What you need to do: Find the string "sphere" in the records. Copy each line that has it.

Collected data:
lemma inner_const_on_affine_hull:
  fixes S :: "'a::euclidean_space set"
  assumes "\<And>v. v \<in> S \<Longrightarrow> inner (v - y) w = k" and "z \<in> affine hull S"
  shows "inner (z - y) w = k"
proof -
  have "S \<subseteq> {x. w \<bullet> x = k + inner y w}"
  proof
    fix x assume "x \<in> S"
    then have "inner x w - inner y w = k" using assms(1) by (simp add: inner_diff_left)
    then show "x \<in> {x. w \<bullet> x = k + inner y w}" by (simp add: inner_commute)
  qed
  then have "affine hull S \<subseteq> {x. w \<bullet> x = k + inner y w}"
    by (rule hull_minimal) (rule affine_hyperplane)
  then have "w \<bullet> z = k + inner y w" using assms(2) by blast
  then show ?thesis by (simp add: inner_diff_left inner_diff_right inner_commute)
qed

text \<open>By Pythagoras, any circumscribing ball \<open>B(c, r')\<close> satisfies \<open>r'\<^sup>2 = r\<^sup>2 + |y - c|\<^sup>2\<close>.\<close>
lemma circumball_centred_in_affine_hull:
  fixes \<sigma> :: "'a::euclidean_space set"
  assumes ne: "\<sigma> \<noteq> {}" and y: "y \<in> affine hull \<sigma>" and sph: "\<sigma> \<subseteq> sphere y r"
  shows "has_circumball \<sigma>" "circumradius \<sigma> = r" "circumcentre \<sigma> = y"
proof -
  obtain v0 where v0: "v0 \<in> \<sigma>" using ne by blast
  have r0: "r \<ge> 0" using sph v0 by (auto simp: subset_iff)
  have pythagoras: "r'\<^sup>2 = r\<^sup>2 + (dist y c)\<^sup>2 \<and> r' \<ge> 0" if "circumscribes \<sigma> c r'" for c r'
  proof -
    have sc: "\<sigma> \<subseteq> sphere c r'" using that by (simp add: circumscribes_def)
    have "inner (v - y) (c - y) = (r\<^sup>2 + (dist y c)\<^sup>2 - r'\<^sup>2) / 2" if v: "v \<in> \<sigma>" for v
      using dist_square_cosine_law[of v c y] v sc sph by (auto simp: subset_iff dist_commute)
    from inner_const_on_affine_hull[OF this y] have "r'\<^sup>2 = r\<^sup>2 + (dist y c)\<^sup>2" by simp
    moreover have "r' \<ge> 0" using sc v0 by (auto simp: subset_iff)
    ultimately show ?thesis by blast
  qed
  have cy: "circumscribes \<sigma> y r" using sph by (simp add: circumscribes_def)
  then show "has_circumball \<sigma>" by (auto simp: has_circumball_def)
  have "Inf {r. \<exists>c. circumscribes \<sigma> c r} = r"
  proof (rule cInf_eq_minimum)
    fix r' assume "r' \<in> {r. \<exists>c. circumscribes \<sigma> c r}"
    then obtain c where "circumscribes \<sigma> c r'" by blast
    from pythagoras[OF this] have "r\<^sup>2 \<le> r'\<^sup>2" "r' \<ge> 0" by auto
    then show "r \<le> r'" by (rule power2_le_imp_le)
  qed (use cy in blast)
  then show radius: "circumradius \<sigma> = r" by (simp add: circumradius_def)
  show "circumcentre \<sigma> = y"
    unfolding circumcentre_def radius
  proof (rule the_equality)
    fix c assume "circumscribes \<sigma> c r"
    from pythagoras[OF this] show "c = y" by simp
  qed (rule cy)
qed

* * *

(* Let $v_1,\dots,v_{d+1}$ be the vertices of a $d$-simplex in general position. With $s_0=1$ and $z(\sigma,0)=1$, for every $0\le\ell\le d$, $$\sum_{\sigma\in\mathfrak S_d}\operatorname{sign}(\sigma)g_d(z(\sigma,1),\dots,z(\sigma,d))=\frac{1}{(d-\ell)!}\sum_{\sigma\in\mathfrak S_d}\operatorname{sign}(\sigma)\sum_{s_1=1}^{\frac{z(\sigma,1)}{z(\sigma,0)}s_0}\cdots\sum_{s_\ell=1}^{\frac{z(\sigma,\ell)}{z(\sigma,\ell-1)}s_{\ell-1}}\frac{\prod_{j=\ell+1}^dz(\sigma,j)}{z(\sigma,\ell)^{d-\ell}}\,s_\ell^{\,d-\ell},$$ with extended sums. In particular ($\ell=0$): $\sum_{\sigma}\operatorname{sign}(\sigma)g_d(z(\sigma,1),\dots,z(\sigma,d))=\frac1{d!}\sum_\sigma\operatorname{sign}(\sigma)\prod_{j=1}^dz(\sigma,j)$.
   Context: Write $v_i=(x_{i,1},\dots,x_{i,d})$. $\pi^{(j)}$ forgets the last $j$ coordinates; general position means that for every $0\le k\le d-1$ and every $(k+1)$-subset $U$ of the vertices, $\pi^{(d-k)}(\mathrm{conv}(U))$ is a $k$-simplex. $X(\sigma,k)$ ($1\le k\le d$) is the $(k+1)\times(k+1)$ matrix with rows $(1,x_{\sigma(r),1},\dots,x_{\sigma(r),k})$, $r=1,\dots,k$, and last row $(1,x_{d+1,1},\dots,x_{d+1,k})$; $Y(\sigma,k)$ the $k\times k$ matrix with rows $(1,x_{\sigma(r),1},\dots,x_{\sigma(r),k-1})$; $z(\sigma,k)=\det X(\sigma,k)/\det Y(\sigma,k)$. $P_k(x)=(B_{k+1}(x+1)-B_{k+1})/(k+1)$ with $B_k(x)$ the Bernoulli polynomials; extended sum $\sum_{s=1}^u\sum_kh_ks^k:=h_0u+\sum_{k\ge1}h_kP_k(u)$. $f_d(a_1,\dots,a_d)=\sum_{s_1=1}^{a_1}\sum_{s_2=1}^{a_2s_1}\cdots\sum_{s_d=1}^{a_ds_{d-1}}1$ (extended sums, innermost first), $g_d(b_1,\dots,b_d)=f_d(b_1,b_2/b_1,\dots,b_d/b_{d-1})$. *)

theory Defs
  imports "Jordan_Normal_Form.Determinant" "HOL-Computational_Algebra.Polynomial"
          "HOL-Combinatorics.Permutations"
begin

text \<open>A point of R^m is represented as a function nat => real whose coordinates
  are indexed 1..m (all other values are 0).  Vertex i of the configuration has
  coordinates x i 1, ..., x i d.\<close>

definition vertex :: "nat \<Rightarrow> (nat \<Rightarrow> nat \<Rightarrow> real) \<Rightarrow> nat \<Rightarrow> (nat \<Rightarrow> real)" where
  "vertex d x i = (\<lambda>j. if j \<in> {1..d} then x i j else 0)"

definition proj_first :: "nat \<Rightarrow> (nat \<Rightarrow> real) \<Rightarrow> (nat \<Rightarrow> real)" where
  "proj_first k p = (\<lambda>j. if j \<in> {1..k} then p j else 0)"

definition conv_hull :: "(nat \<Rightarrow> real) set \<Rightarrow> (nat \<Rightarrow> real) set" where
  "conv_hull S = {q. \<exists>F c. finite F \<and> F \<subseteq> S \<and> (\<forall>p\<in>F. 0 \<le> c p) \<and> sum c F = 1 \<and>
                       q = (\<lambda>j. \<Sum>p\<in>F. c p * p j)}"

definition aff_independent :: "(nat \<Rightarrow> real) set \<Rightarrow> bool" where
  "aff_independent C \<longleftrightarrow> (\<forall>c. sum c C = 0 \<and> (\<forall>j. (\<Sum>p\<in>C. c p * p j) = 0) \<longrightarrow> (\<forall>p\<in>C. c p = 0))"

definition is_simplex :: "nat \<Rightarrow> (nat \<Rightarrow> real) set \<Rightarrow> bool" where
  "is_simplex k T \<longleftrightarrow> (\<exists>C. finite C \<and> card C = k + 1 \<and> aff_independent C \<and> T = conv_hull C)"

Response to this task:
  assumes ne: "\<sigma> \<noteq> {}" and y: "y \<in> affine hull \<sigma>" and sph: "\<sigma> \<subseteq> sphere y r"
    have sc: "\<sigma> \<subseteq> sphere c r'" using that by (simp add: circumscribes_def)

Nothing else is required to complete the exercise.